Sunday, October 6, 2013

Take a detour

I recently wrote a column for the Baltimore OUTloud newspaper about automatic behavior, the rut it can create, and how to break out by trying something new. Click here to read the column.... 

Recently, I was reminded about the connection between this topic and being able to tap into creativity to solve problems.

A few weeks ago, I was working with a gentlemen who was trying to manage a business relationship with a consultant who was threatening to undermine my client's efforts because of feeling under appreciated, because of not "feeling enough love" coming from my client. So, we brainstormed on strategies and tactics for managing a difficult business relationship.

At one point, I said, "When this guy gives you a somewhat helpful suggestion or tip, be sure to send him a thank-you card, perhaps a bottle of wine with it. Thank-you cards tend to give people warm fuzzies and help them to feel very appreciated."

It was at this point that my client slapped his own forehead in disbelief. He said, "I can't believe I didn't think of that. That's exactly how I established the strong business relationship in the first place, by sending thank-you cards and small tokens of appreciation." My client was unnerved as to why the solution had eluded him given that he'd done that in the past.

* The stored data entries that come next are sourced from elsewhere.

(* Let $(M,\phi,\xi,\eta,g)$ be a paracontact metric manifold and suppose $g$ is a $\delta$-almost Yamabe soliton, i.e. there are a smooth vector field $Z$, a smooth function $\lambda$ and a nowhere-vanishing smooth function $\delta$ on $M$ with $\frac{\delta}{2}\mathfrak{L}_Z g=(r-\lambda)g$, where $r$ is the scalar curvature of $g$. Then $$\eta(\mathfrak{L}_Z\xi)=\frac{\lambda-r}{\delta},\qquad (\mathfrak{L}_Z\eta)(\xi)=\frac{r-\lambda}{\delta}.$$
   Context: An almost paracontact structure on a smooth manifold $M$ is a triple $(\phi,\xi,\eta)$ of a $(1,1)$-tensor field $\phi$, a vector field $\xi$ (the Reeb vector field) and a 1-form $\eta$ with $\phi^2=I-\eta\otimes\xi$, $\eta(\xi)=1$, $\phi\xi=0$, $\eta\circ\phi=0$. A compatible pseudo-Riemannian metric $g$ satisfies $g(\phi X,\phi Y)=-g(X,Y)+\eta(X)\eta(Y)$ for all vector fields $X,Y$; then $\eta(X)=g(X,\xi)$. The structure $(\phi,\xi,\eta,g)$ is a paracontact metric structure if $d\eta=\Phi$, where $\Phi(X,Y)=g(X,\phi Y)$. $\mathfrak{L}_Z$ denotes the Lie derivative along $Z$. *)

theory Defs
  imports "HOL-Analysis.Analysis"
begin

text \<open>Local-coordinate model: the manifold is (a chart domain) an open set
  U of real^'n. Vector fields are maps real^'n => real^'n, 1-forms are
  covector fields (eta(X) = eta p \<bullet> X), (1,1)-tensors and the metric
  are matrix-valued fields; g(u,v) = u \<bullet> (g p *v v).\<close>

fun Ck :: "nat \<Rightarrow> (real^'n) set \<Rightarrow> (real^'n \<Rightarrow> 'b::real_normed_vector) \<Rightarrow> bool" where
  "Ck 0 U f = continuous_on U f"
| "Ck (Suc k) U f = (f differentiable_on U \<and> continuous_on U f \<and>
      (\<forall>v. Ck k U (\<lambda>x. frechet_derivative f (at x) v)))"

definition smooth_on :: "(real^'n) set \<Rightarrow> (real^'n \<Rightarrow> 'b::real_normed_vector) \<Rightarrow> bool" where
  "smooth_on U f = (\<forall>k. Ck k U f)"

definition dd :: "(real^'n \<Rightarrow> 'b::real_normed_vector) \<Rightarrow> real^'n \<Rightarrow> real^'n \<Rightarrow> 'b" where
  "dd f p v = frechet_derivative f (at p) v"

definition pd :: "'n::finite \<Rightarrow> (real^'n \<Rightarrow> 'b::real_normed_vector) \<Rightarrow> real^'n \<Rightarrow> 'b" where
  "pd i f p = dd f p (axis i 1)"

definition gform :: "(real^'n \<Rightarrow> real^'n^'n) \<Rightarrow> real^'n \<Rightarrow> real^'n \<Rightarrow> real^'n \<Rightarrow> real" where
  "gform g p u v = u \<bullet> (g p *v v)"

definition ginv :: "(real^'n \<Rightarrow> real^'n^'n) \<Rightarrow> real^'n \<Rightarrow> real^'n^'n" where
  "ginv g p = matrix_inv (g p)"

definition christ :: "(real^'n::finite \<Rightarrow> real^'n^'n) \<Rightarrow> 'n \<Rightarrow> 'n \<Rightarrow> 'n \<Rightarrow> real^'n \<Rightarrow> real" where
  "christ g k i j p = (1/2) * (\<Sum>l\<in>UNIV. ginv g p $ k $ l *
      (pd i (\<lambda>q. g q $ j $ l) p + pd j (\<lambda>q. g q $ i $ l) p - pd l (\<lambda>q. g q $ i $ j) p))"

definition ricci :: "(real^'n::finite \<Rightarrow> real^'n^'n) \<Rightarrow> 'n \<Rightarrow> 'n \<Rightarrow> real^'n \<Rightarrow> real" where
  "ricci g i j p =
     (\<Sum>k\<in>UNIV. pd k (christ g k i j) p) - (\<Sum>k\<in>UNIV. pd j (christ g k i k) p)
   + (\<Sum>k\<in>UNIV. \<Sum>l\<in>UNIV. christ g k k l p * christ g l i j p)
   - (\<Sum>k\<in>UNIV. \<Sum>l\<in>UNIV. christ g k j l p * christ g l i k p)"

definition scalar_curvature :: "(real^'n::finite \<Rightarrow> real^'n^'n) \<Rightarrow> real^'n \<Rightarrow> real" where
  "scalar_curvature g p = (\<Sum>i\<in>UNIV. \<Sum>j\<in>UNIV. ginv g p $ i $ j * ricci g i j p)"

definition lie_bracket :: "(real^'n \<Rightarrow> real^'n) \<Rightarrow> (real^'n \<Rightarrow> real^'n) \<Rightarrow> real^'n \<Rightarrow> real^'n" where
  "lie_bracket X Y p = dd Y p (X p) - dd X p (Y p)"

text \<open>(L_Z g)(u,v) at p for constant coordinate vectors u, v.\<close>
definition lie_metric :: "(real^'n \<Rightarrow> real^'n) \<Rightarrow> (real^'n \<Rightarrow> real^'n^'n) \<Rightarrow> real^'n \<Rightarrow> real^'n \<Rightarrow> real^'n \<Rightarrow> real" where
  "lie_metric Z g p u v = u \<bullet> (dd g p (Z p) *v v) + gform g p (dd Z p u) v + gform g p u (dd Z p v)"

text \<open>(L_Z eta)(v) at p for a constant coordinate vector v.\<close>
definition lie_form :: "(real^'n \<Rightarrow> real^'n) \<Rightarrow> (real^'n \<Rightarrow> real^'n) \<Rightarrow> real^'n \<Rightarrow> real^'n \<Rightarrow> real" where
  "lie_form Z \<eta> p v = dd \<eta> p (Z p) \<bullet> v + \<eta> p \<bullet> dd Z p v"

text \<open>Exterior derivative, convention d eta(X,Y) = 1/2 (X eta(Y) - Y eta(X) - eta([X,Y])).\<close>
definition d_form :: "(real^'n \<Rightarrow> real^'n) \<Rightarrow> real^'n \<Rightarrow> real^'n \<Rightarrow> real^'n \<Rightarrow> real" where
  "d_form \<eta> p u v = (1/2) * (dd \<eta> p u \<bullet> v - dd \<eta> p v \<bullet> u)"

definition paracontact_metric ::
  "(real^'n::finite) set \<Rightarrow> (real^'n \<Rightarrow> real^'n^'n) \<Rightarrow> (real^'n \<Rightarrow> real^'n) \<Rightarrow> (real^'n \<Rightarrow> real^'n)
   \<Rightarrow> (real^'n \<Rightarrow> real^'n^'n) \<Rightarrow> bool" where
  "paracontact_metric U \<phi> \<xi> \<eta> g \<longleftrightarrow>
     open U \<and> smooth_on U \<phi> \<and> smooth_on U \<xi> \<and> smooth_on U \<eta> \<and> smooth_on U g \<and>
     (\<forall>p\<in>U.
        \<comment> \<open>almost paracontact structure\<close>
        (\<forall>v. \<phi> p *v (\<phi> p *v v) = v - (\<eta> p \<bullet> v) *\<^sub>R \<xi> p) \<and>
        \<eta> p \<bullet> \<xi> p = 1 \<and> \<phi> p *v \<xi> p = 0 \<and> (\<forall>v. \<eta> p \<bullet> (\<phi> p *v v) = 0) \<and>
        \<comment> \<open>pseudo-Riemannian metric\<close>
        transpose (g p) = g p \<and> invertible (g p) \<and>
        \<comment> \<open>compatibility\<close>
        (\<forall>u v. gform g p (\<phi> p *v u) (\<phi> p *v v) = - gform g p u v + (\<eta> p \<bullet> u) * (\<eta> p \<bullet> v)) \<and>
        \<comment> \<open>d eta = Phi, Phi(X,Y) = g(X, phi Y)\<close>
        (\<forall>u v. d_form \<eta> p u v = gform g p u (\<phi> p *v v)))"

end

theory Submission
  imports Defs
begin

text \<open>Both identities come from differentiating a constant along Z. Compatibility of g with
  \<phi> at \<xi> gives g(X,\<xi>) = \<eta>(X), so \<eta>(\<xi>) = 1 and g(\<xi>,\<xi>) = 1 on U. Hence
  (L_Z \<eta>)(\<xi>) = Z(\<eta>(\<xi>)) - \<eta>([Z,\<xi>]) = -\<eta>([Z,\<xi>]) and
  (L_Z g)(\<xi>,\<xi>) = Z(g(\<xi>,\<xi>)) - 2 g([Z,\<xi>],\<xi>) = -2 \<eta>([Z,\<xi>]); evaluating the soliton
  equation at (\<xi>,\<xi>) then gives -\<delta> \<eta>([Z,\<xi>]) = r - \<lambda>.\<close>

lemma bounded_bilinear_matrix_vector_mult:
  "bounded_bilinear (\<lambda>(A::real^'n::finite^'m::finite) (x::real^'n). A *v x)"
proof (rule bounded_bilinear.intro)
  fix A B :: "real^'n^'m" and x y :: "real^'n" and r :: real
  show "(A + B) *v x = A *v x + B *v x" by (simp add: matrix_vector_mult_add_rdistrib)
  show "A *v (x + y) = A *v x + A *v y" by (simp add: matrix_vector_right_distrib)
  show "(r *\<^sub>R A) *v x = r *\<^sub>R (A *v x)"
    by (simp add: vec_eq_iff matrix_vector_mult_def sum_distrib_left mult.assoc)
  show "A *v (r *\<^sub>R x) = r *\<^sub>R (A *v x)" by (simp add: matrix_vector_mult_scaleR)
next
  show "\<exists>K. \<forall>(A::real^'n^'m) x. norm (A *v x) \<le> norm A * norm x * K"
  proof (intro exI allI)
    fix A :: "real^'n^'m" and x :: "real^'n"
    have entry_le: "\<And>i j. \<bar>A $ i $ j\<bar> \<le> norm A"
      by (rule order_trans[OF component_le_norm_cart Finite_Cartesian_Product.norm_nth_le])
    have "norm (A *v x) \<le> onorm ((*v) A) * norm x"
      by (simp add: onorm matrix_vector_mul_linear linear_linear)
    also have "\<dots> \<le> (real CARD('m) * real CARD('n) * norm A) * norm x"
      by (intro mult_right_mono onorm_le_matrix_component entry_le) simp
    finally show "norm (A *v x) \<le> norm A * norm x * (real CARD('m) * real CARD('n))"
      by (simp add: algebra_simps)
  qed
qed

lemma inner_matrix_vector_mult_symmetric:
  fixes A :: "real^'n::finite^'n"
  assumes "transpose A = A"
  shows "u \<bullet> (A *v v) = v \<bullet> (A *v u)"
  by (metis assms dot_lmul_matrix inner_commute transpose_matrix_vector)

lemma has_derivative_eq_0_if_constant_on_open:
  assumes "(f has_derivative f') (at p)" "open U" "p \<in> U" "\<forall>q\<in>U. f q = c"
  shows "f' v = 0"
proof -
  have "(f has_derivative (\<lambda>v. 0)) (at p)"
    by (rule has_derivative_transform_within_open[OF has_derivative_const, where s=U])
       (use assms in auto)
  with assms(1) have "f' = (\<lambda>v. 0)" by (rule has_derivative_unique)
  then show ?thesis by simp
qed

lemma has_derivative_dd:
  "f differentiable (at p) \<Longrightarrow> (f has_derivative dd f p) (at p)"
  unfolding dd_def by (simp add: frechet_derivative_works[symmetric])

lemma smooth_on_differentiable_at:
  assumes "smooth_on U f" "open U" "p \<in> U"
  shows "f differentiable (at p)"
proof -
  have "Ck (Suc 0) U f" using assms(1) unfolding smooth_on_def by blast
  then have "f differentiable_on U" by simp
  with assms(2,3) show ?thesis by (metis at_within_open differentiable_on_def)
qed

lemma lie_form_if_pairing_constant:
  assumes "\<eta> differentiable (at p)" "\<xi> differentiable (at p)"
    and "open U" "p \<in> U" "\<forall>q\<in>U. \<eta> q \<bullet> \<xi> q = c"
  shows "lie_form Z \<eta> p (\<xi> p) = - (\<eta> p \<bullet> lie_bracket Z \<xi> p)"
proof -
  have "((\<lambda>q. \<eta> q \<bullet> \<xi> q) has_derivative (\<lambda>v. \<eta> p \<bullet> dd \<xi> p v + dd \<eta> p v \<bullet> \<xi> p)) (at p)"
    using assms(1,2) by (intro has_derivative_inner has_derivative_dd)
  then have "\<eta> p \<bullet> dd \<xi> p (Z p) + dd \<eta> p (Z p) \<bullet> \<xi> p = 0"
    using assms(3-5) by (rule has_derivative_eq_0_if_constant_on_open)
  then show ?thesis
    by (simp add: lie_form_def lie_bracket_def inner_diff_right inner_commute)
qed

lemma lie_metric_diag_if_length_constant:
  assumes "g differentiable (at p)" "\<xi> differentiable (at p)" "transpose (g p) = g p"
    and "open U" "p \<in> U" "\<forall>q\<in>U. gform g q (\<xi> q) (\<xi> q) = c"
  shows "lie_metric Z g p (\<xi> p) (\<xi> p) = - 2 * gform g p (lie_bracket Z \<xi> p) (\<xi> p)"
proof -
  define a where "a = dd \<xi> p (Z p)"
  define b where "b = dd Z p (\<xi> p)"
  have sym: "\<And>u v. u \<bullet> (g p *v v) = v \<bullet> (g p *v u)"
    using assms(3) by (rule inner_matrix_vector_mult_symmetric)
  have "((\<lambda>q. g q *v \<xi> q) has_derivative (\<lambda>v. g p *v dd \<xi> p v + dd g p v *v \<xi> p)) (at p)"
    using assms(1,2)
    by (intro bounded_bilinear.FDERIV[OF bounded_bilinear_matrix_vector_mult] has_derivative_dd)
  then have "((\<lambda>q. \<xi> q \<bullet> (g q *v \<xi> q)) has_derivative
      (\<lambda>v. \<xi> p \<bullet> (g p *v dd \<xi> p v + dd g p v *v \<xi> p) + dd \<xi> p v \<bullet> (g p *v \<xi> p))) (at p)"
    using assms(2) by (intro has_derivative_inner has_derivative_dd)
  moreover have "\<forall>q\<in>U. \<xi> q \<bullet> (g q *v \<xi> q) = c"
    using assms(6) by (simp add: gform_def)
  ultimately have "\<xi> p \<bullet> (g p *v a + dd g p (Z p) *v \<xi> p) + a \<bullet> (g p *v \<xi> p) = 0"
    unfolding a_def by (rule has_derivative_eq_0_if_constant_on_open[OF _ assms(4,5)])
  then have dg: "\<xi> p \<bullet> (dd g p (Z p) *v \<xi> p) = - 2 * (a \<bullet> (g p *v \<xi> p))"
    using sym[of "\<xi> p" a] by (simp add: inner_add_right)
  have "lie_metric Z g p (\<xi> p) (\<xi> p) = - 2 * (a \<bullet> (g p *v \<xi> p)) + 2 * (b \<bullet> (g p *v \<xi> p))"
    unfolding lie_metric_def gform_def b_def[symmetric] using dg sym[of "\<xi> p" b] by simp
  also have "\<dots> = - 2 * gform g p (a - b) (\<xi> p)"
    by (simp add: gform_def inner_diff_left algebra_simps)
  moreover have "lie_bracket Z \<xi> p = a - b"
    by (simp add: lie_bracket_def a_def b_def)
  ultimately show ?thesis
    by simp
qed

lemma paracontact_metric_gform_xi:
  assumes "paracontact_metric U \<phi> \<xi> \<eta> g" "p \<in> U"
  shows "gform g p u (\<xi> p) = \<eta> p \<bullet> u"
proof -
  have "\<eta> p \<bullet> \<xi> p = 1" "\<phi> p *v \<xi> p = 0"
    "gform g p (\<phi> p *v u) (\<phi> p *v \<xi> p) = - gform g p u (\<xi> p) + (\<eta> p \<bullet> u) * (\<eta> p \<bullet> \<xi> p)"
    using assms unfolding paracontact_metric_def by blast+
  then show ?thesis by (simp add: gform_def)
qed

theorem mainTheorem1:
  fixes U :: "(real^'n::finite) set"
    and \<phi> g :: "real^'n \<Rightarrow> real^'n^'n"
    and \<xi> \<eta> Z :: "real^'n \<Rightarrow> real^'n"
    and lam \<delta> :: "real^'n \<Rightarrow> real"
  assumes pc: "paracontact_metric U \<phi> \<xi> \<eta> g"
    and smZ: "smooth_on U Z" and sml: "smooth_on U lam" and smd: "smooth_on U \<delta>"
    and dnz: "\<forall>p\<in>U. \<delta> p \<noteq> 0"
    and soliton: "\<forall>p\<in>U. \<forall>u v. \<delta> p / 2 * lie_metric Z g p u v
                     = (scalar_curvature g p - lam p) * gform g p u v"
  shows "\<forall>p\<in>U. \<eta> p \<bullet> lie_bracket Z \<xi> p = (lam p - scalar_curvature g p) / \<delta> p
              \<and> lie_form Z \<eta> p (\<xi> p) = (scalar_curvature g p - lam p) / \<delta> p"
proof
  \<comment> \<open>Only \<eta>, \<xi> and g are differentiated.\<close>
  fix p assume p: "p \<in> U"
  have reg: "open U" "smooth_on U \<xi>" "smooth_on U \<eta>" "smooth_on U g" "transpose (g p) = g p"
    and eta_xi: "\<forall>q\<in>U. \<eta> q \<bullet> \<xi> q = 1"
    using pc p unfolding paracontact_metric_def by auto
  have g_xi_xi: "\<forall>q\<in>U. gform g q (\<xi> q) (\<xi> q) = 1"
    using eta_xi paracontact_metric_gform_xi[OF pc] by (simp add: inner_commute)
  note diff = smooth_on_differentiable_at[OF _ reg(1) p]
  have lie_form: "lie_form Z \<eta> p (\<xi> p) = - (\<eta> p \<bullet> lie_bracket Z \<xi> p)"
    using diff[OF reg(3)] diff[OF reg(2)] reg(1) p eta_xi by (rule lie_form_if_pairing_constant)
  have "lie_metric Z g p (\<xi> p) (\<xi> p) = - 2 * gform g p (lie_bracket Z \<xi> p) (\<xi> p)"
    using diff[OF reg(4)] diff[OF reg(2)] reg(5) reg(1) p g_xi_xi by (rule lie_metric_diag_if_length_constant)
  moreover have "\<delta> p / 2 * lie_metric Z g p (\<xi> p) (\<xi> p) = scalar_curvature g p - lam p"
    using soliton p g_xi_xi by simp
  ultimately have "- \<delta> p * (\<eta> p \<bullet> lie_bracket Z \<xi> p) = scalar_curvature g p - lam p"
    by (simp add: paracontact_metric_gform_xi[OF pc p])
  then have "\<eta> p \<bullet> lie_bracket Z \<xi> p = (lam p - scalar_curvature g p) / \<delta> p"
    using dnz p by (simp add: field_simps)
  with lie_form show "\<eta> p \<bullet> lie_bracket Z \<xi> p = (lam p - scalar_curvature g p) / \<delta> p
              \<and> lie_form Z \<eta> p (\<xi> p) = (scalar_curvature g p - lam p) / \<delta> p"
    by (metis minus_diff_eq minus_divide_left)
qed

end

I reminded him that by allowing the consultant's bad behavior to kick up resentment and other hard feelings, my client had put himself into a negative space that blocked not only his creativity but also access to things he already knew! Instead of focusing on criticizing the consultant, my client needed to get into a relaxed, playful, problem-solving mood. The consultant's OK, I'm OK...let me just figure out a creative way around this!

The best way I know of being able to slow down, recognize what's going on, and shift gears like that is to make a steady practice of mindfulness. Click here for tips sheets about practicing mindfulness.


 

2 comments:

  1. I wonder if your client that you were working with didn't have some trigger from his client? That he maybe was pushing back from a certain kind of neediness that brought up bad feelings from a past relationship or if he has the type of personality that loves perusing and chasing people but hates the work that maintaining relationships involve?

    I think some of us are really good at wooing people and perhaps less good at keeping up that level of appreciation of others.

    I am going to have to think about this a bit as someone who might be a bit better at the wooing than the maintaining. It makes for a great salesperson but not necessarily the best manager. The long haul has its benefits.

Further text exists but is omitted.